This month's update will be dealt with in two parts, both focusing on data; the first part summarising some data about the prescribing policies across England, the second my usual update on prescriptions fulfilled across the UK.

Libre Prescribing Policies and Implementation in England

There didn't seem to be an easy way to compile this.  I used the Diabetes UK Map to link to the policies and then I cross-checked this with a Google search to see whether there was any more information.  I had to do this line by line for each of the 195 CCGs in England - quite a lengthy and tedious process.  However, I am pleased with the information arising from the data.

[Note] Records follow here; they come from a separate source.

lemma abs_centred_indicator_le_1: "\<bar>centred_indicator h j x\<bar> \<le> 1"
proof (cases "h = 0")
  case False
  then have "0 \<le> 1 / real h" "1 / real h \<le> 1" by auto
  then show ?thesis by (auto simp: centred_indicator_def)
qed (simp add: centred_indicator_def)

lemma expectation_pair_pmf_of_set_mult:
  fixes g g' :: "'a \<Rightarrow> real"
  assumes "finite S" "S \<noteq> {}" "finite T" "T \<noteq> {}"
  shows "measure_pmf.expectation (pair_pmf (pmf_of_set S) (pmf_of_set T)) (\<lambda>(x, y). g x * g' y) =
    measure_pmf.expectation (pmf_of_set S) g * measure_pmf.expectation (pmf_of_set T) g'"
proof -
  have "measure_pmf.expectation (pair_pmf (pmf_of_set S) (pmf_of_set T)) (\<lambda>(x, y). g x * g' y) =
      (\<Sum>z\<in>S \<times> T. (case z of (x, y) \<Rightarrow> g x * g' y) * pmf (pair_pmf (pmf_of_set S) (pmf_of_set T)) z)"
    using assms by (intro integral_measure_pmf_real) (auto simp: set_pmf_of_set)
  also have "\<dots> = (\<Sum>x\<in>S. \<Sum>y\<in>T. g x * g' y / (real (card S) * real (card T)))"
    unfolding sum.cartesian_product by (intro sum.cong refl) (auto simp: pmf_pair assms)
  also have "\<dots> = sum g S / card S * (sum g' T / card T)"
    by (simp add: sum_product sum_divide_distrib)
  finally show ?thesis
    using assms by (simp add: integral_pmf_of_set)
qed

lemma expectation_centred_indicator_cross:
  assumes "pairwise_indep_hash p U h" "i \<in> U" "i' \<in> U" "i \<noteq> i'" "j \<in> {1..h}"
  shows "measure_pmf.expectation p
    (\<lambda>f. centred_indicator h j (f i) * centred_indicator h j (f i')) = 0"
proof -
  have "measure_pmf.expectation p (\<lambda>f. centred_indicator h j (f i) * centred_indicator h j (f i')) =
      measure_pmf.expectation (map_pmf (\<lambda>f. (f i, f i')) p)
        (\<lambda>(x, y). centred_indicator h j x * centred_indicator h j y)"
    by simp
  also have "map_pmf (\<lambda>f. (f i, f i')) p = pair_pmf (pmf_of_set {1..h}) (pmf_of_set {1..h})"
    using assms unfolding pairwise_indep_hash_def by auto
  also have "measure_pmf.expectation (pair_pmf (pmf_of_set {1..h}) (pmf_of_set {1..h}))
      (\<lambda>(x, y). centred_indicator h j x * centred_indicator h j y) = 0"
    using assms(5) sum_centred_indicator[OF assms(5)]
    by (subst expectation_pair_pmf_of_set_mult) (auto simp: integral_pmf_of_set)
  finally show ?thesis .
qed

lemma expectation_centred_indicator_sq_le:
  assumes "pairwise_indep_hash p U h" "i \<in> U" "j \<in> {1..h}"
  shows "measure_pmf.expectation p (\<lambda>f. (centred_indicator h j (f i))\<^sup>2) \<le> 1 / real h"
proof -
  let ?\<phi> = "centred_indicator h j"
  have "measure_pmf.expectation p (\<lambda>f. (?\<phi> (f i))\<^sup>2) =
      measure_pmf.expectation (map_pmf (\<lambda>f. f i) p) (\<lambda>x. (?\<phi> x)\<^sup>2)"
    by simp
  also have "map_pmf (\<lambda>f. f i) p = pmf_of_set {1..h}"
    using assms unfolding pairwise_indep_hash_def by auto
  also have "measure_pmf.expectation (pmf_of_set {1..h}) (\<lambda>x. (?\<phi> x)\<^sup>2) =
      (\<Sum>x\<in>{1..h}. (?\<phi> x)\<^sup>2) / real h"
    using assms(3) by (subst integral_pmf_of_set) auto
  also have "(\<Sum>x\<in>{1..h}. (?\<phi> x)\<^sup>2) =
      (\<Sum>x\<in>{1..h}. if x = j then ?\<phi> j else 0) - 1 / real h * (\<Sum>x\<in>{1..h}. ?\<phi> x)"
  proof -
    have "(?\<phi> x)\<^sup>2 = (if x = j then ?\<phi> j else 0) - 1 / real h * ?\<phi> x" for x
      by (simp add: centred_indicator_def power2_eq_square algebra_simps)
    then show ?thesis
      by (simp add: sum_subtractf sum_distrib_left)
  qed
  also have "\<dots> = ?\<phi> j"
    using assms(3) sum_centred_indicator[OF assms(3)] by simp
  also have "?\<phi> j \<le> 1"
    by (simp add: centred_indicator_def)
  finally show ?thesis
    by (simp add: divide_right_mono)
qed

Firstly, the headline figures - how many CCGs were funding Libre, how many had denied funding and who were still undecided?  There are differences of opinion about these figures as some CCGs have not been clear (Staffordshire CCGs), and some have agreed to fund, but are yet to actually fund due to implementation difficulties (Lambeth, Bexley, Bromley, Greenwich, Lewisham & Southwark CCGs)
I've checked whether the percentage of CCGs roughly equals the percentage of T1 patients in each of the groups.  It does, with just over 62% of T1s in a funded area and 33% in areas where funding has been denied.

Fortunately, I didn't have to go through every single CCG one by one to work out what was happening.  There's much more collaboration going on than you might imagine.  

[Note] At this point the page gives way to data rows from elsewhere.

theorem bij_power_poly_if_bij_betw_roots_of_unity:
  fixes h :: "'a::{finite,field} poly"
  assumes card: "e * n = CARD('a) - 1" and r: "r > 0" "coprime r e"
    and perm: "bij_betw (\<lambda>c. c ^ r * poly h c ^ e) (roots_of_unity n) (roots_of_unity n)"
  shows "bij (\<lambda>c. c ^ r * poly h (c ^ e))"
proof -
  let ?f = "\<lambda>c. c ^ r * poly h (c ^ e)" and ?g = "\<lambda>c. c ^ r * poly h c ^ e"
  have "e > 0" "n > 0" using mult_eq_CARD_pred_imp_pos[OF card] by simp_all
  have root: "x ^ e \<in> roots_of_unity n" if "x \<noteq> 0" for x :: 'a
    using power_card_minus_one_eq_1[OF that] card
    unfolding roots_of_unity_def by (simp flip: power_mult)
  have h_nonzero: "poly h z \<noteq> 0" if "z \<in> roots_of_unity n" for z
  proof
    assume "poly h z = 0"
    then have "?g z = 0" using \<open>e > 0\<close> by simp
    moreover have "?g z \<in> roots_of_unity n" using perm that bij_betwE by blast
    ultimately have "(0::'a) \<in> roots_of_unity n" by metis
    then show False using \<open>n > 0\<close> by (simp add: roots_of_unity_def zero_power)
  qed
  have f_zero_iff: "?f x = 0 \<longleftrightarrow> x = 0" for x
    using r(1) h_nonzero[OF root] by auto
  have f_power: "?f x ^ e = ?g (x ^ e)" for x
    by (simp add: power_mult_distrib flip: power_mult) (simp add: mult.commute)
  have "x = y" if "?f x = ?f y" for x y
  proof (cases "x = 0 \<or> y = 0")
    case True
    then show ?thesis using that f_zero_iff by metis
  next
    case False
    then have "x ^ e = y ^ e"
      using inj_onD[OF bij_betw_imp_inj_on[OF perm]] root f_power that by metis
    moreover from this have "x ^ r = y ^ r"
      using that h_nonzero[OF root] False by auto
    ultimately have "(x / y) ^ r = 1" "(x / y) ^ e = 1"
      using False by (simp_all add: power_divide)
    then have "x / y = 1" using power_eq_1_if_coprime_exponents r(2) by blast
    then show ?thesis using False by simp
  qed
  then show ?thesis by (simp add: bij_def finite_UNIV_inj_surj injI)
qed

lemma bij_betw_roots_of_unity_power_int_cong:
  fixes f :: "'a::field \<Rightarrow> 'a"
  assumes "[a = b] (mod int n)"
  shows "bij_betw (\<lambda>c. c powi a * f c) (roots_of_unity n) A
    \<longleftrightarrow> bij_betw (\<lambda>c. c powi b * f c) (roots_of_unity n) A"
proof (rule bij_betw_cong)
  fix c :: 'a assume "c \<in> roots_of_unity n"
  then have "c powi a = c powi b"
    using assms by (intro power_int_cong) (simp_all add: roots_of_unity_def)
  then show "c powi a * f c = c powi b * f c" by simp
qed

lemma bij_betw_roots_of_unity_mult_factor:
  fixes D P :: "'a::field poly"
  assumes P: "\<forall>c\<in>roots_of_unity n. poly P c ^ e * c ^ u = 1"
  shows "bij_betw (\<lambda>c. c powi (v + int u) * poly (D * P) c ^ e) (roots_of_unity n) A
    \<longleftrightarrow> bij_betw (\<lambda>c. c powi v * poly D c ^ e) (roots_of_unity n) A"
proof (rule bij_betw_cong)
  fix c :: 'a assume c: "c \<in> roots_of_unity n"
  have "c powi (v + int u) = c powi v * c ^ u"
  proof (cases "c = 0")
    case True
    then have "u = 0" using P c by (cases u) auto
    then show ?thesis by simp
  qed (simp add: power_int_add)
  then have "c powi (v + int u) * poly (D * P) c ^ e
      = c powi v * poly D c ^ e * (poly P c ^ e * c ^ u)"
    by (simp add: power_mult_distrib mult_ac)
  then show "c powi (v + int u) * poly (D * P) c ^ e = c powi v * poly D c ^ e"
    using P c by simp
qed

context
  fixes q k :: nat
  assumes prime_CHAR: "prime CHAR('a::field)" and q_eq: "q = CHAR('a) ^ k" and "k > 0"
begin

lemma CHAR_power_gt_0: "q > 0"
  using q_eq prime_CHAR by (simp add: prime_gt_0_nat)

lemma of_nat_power_pred_eq_1:
  assumes "coprime n q"
  shows "(of_nat n :: 'a) ^ (q - 1) = 1"
proof -
  have "(of_nat n :: 'a) ^ q = of_nat n"
    using freshmans_dream_sum'[OF prime_CHAR q_eq, of "\<lambda>_. 1" "{..<n}"] by simp
  then have "(of_nat n :: 'a) ^ (q - 1) * of_nat n = 1 * of_nat n"
    using CHAR_power_gt_0 by (cases q) (simp_all add: mult.commute)
  moreover have "(of_nat n :: 'a) \<noteq> 0"
  proof
    assume "(of_nat n :: 'a) = 0"
    then have "CHAR('a) dvd gcd n q"
      using q_eq \<open>k > 0\<close> by (simp add: of_nat_eq_0_iff_char_dvd)
    then show False using assms prime_CHAR by simp
  qed
  ultimately show ?thesis by simp
qed

text \<open>For \<open>z\<close> in \<open>\<mu>\<^sub>q\<^sub>+\<^sub>1\<close> the Frobenius gives \<open>(z - 1)\<^sup>q = z\<^sup>q - 1 = z\<^sup>-\<^sup>1 - 1\<close>.\<close>

lemma diff_one_power_pred_mult_eq_minus_one:
  fixes z :: 'a
  assumes "z ^ (q + 1) = 1" "z \<noteq> 1"
  shows "(z - 1) ^ (q - 1) * z = -1"
proof -
  have "z ^ q = (z - 1) ^ q + 1"
    using freshmans_dream'[OF prime_CHAR q_eq, of "z - 1" 1] by simp
  then have "(z - 1) ^ q * z = 1 - z"
    using assms(1) by (simp add: algebra_simps)
  also have "(z - 1) ^ q = (z - 1) ^ (q - 1) * (z - 1)"
    using CHAR_power_gt_0 by (cases q) (simp_all add: mult.commute)
  finally have "((z - 1) ^ (q - 1) * z) * (z - 1) = -1 * (z - 1)"
    by (simp add: algebra_simps)
  moreover have "z - 1 \<noteq> 0" using assms(2) by simp
  ultimately show ?thesis using mult_right_cancel by blast
qed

Of the 195 CCGs, just 36 are acting independently.  

The remainder are working in geographic groups, sometimes led by one of the APCs - e.g. Sheffield area - and sometimes advised by an external body - e.g. East of England.  Clearly this collaboration cuts down on admin, but reviewing some of these CCGs, the decision-making ability of some leaves a lot to be desired - .South Warwickshire, Coventry and Rugby for example - more about them later!

The Criteria

A criteria for prescribing  Libre has been published and agreed.  It was produced by the Regional Medicines Optimisation Committee (North) - RMOC (policy here).  This is a new committee and I understand that this publication is their first significant policy guide.  This could explain some of the CCGs deciding not to follow the guidance.  So, having read all of the policies that I could find, I made a judgement whether I believed they were following the RMOC guidance exactly (RMOC), whether they were following RMOC, but then making it harder to achieve (RMOC+), making it easier than the RMOC guidance (RMOC-) or a policy of their own making.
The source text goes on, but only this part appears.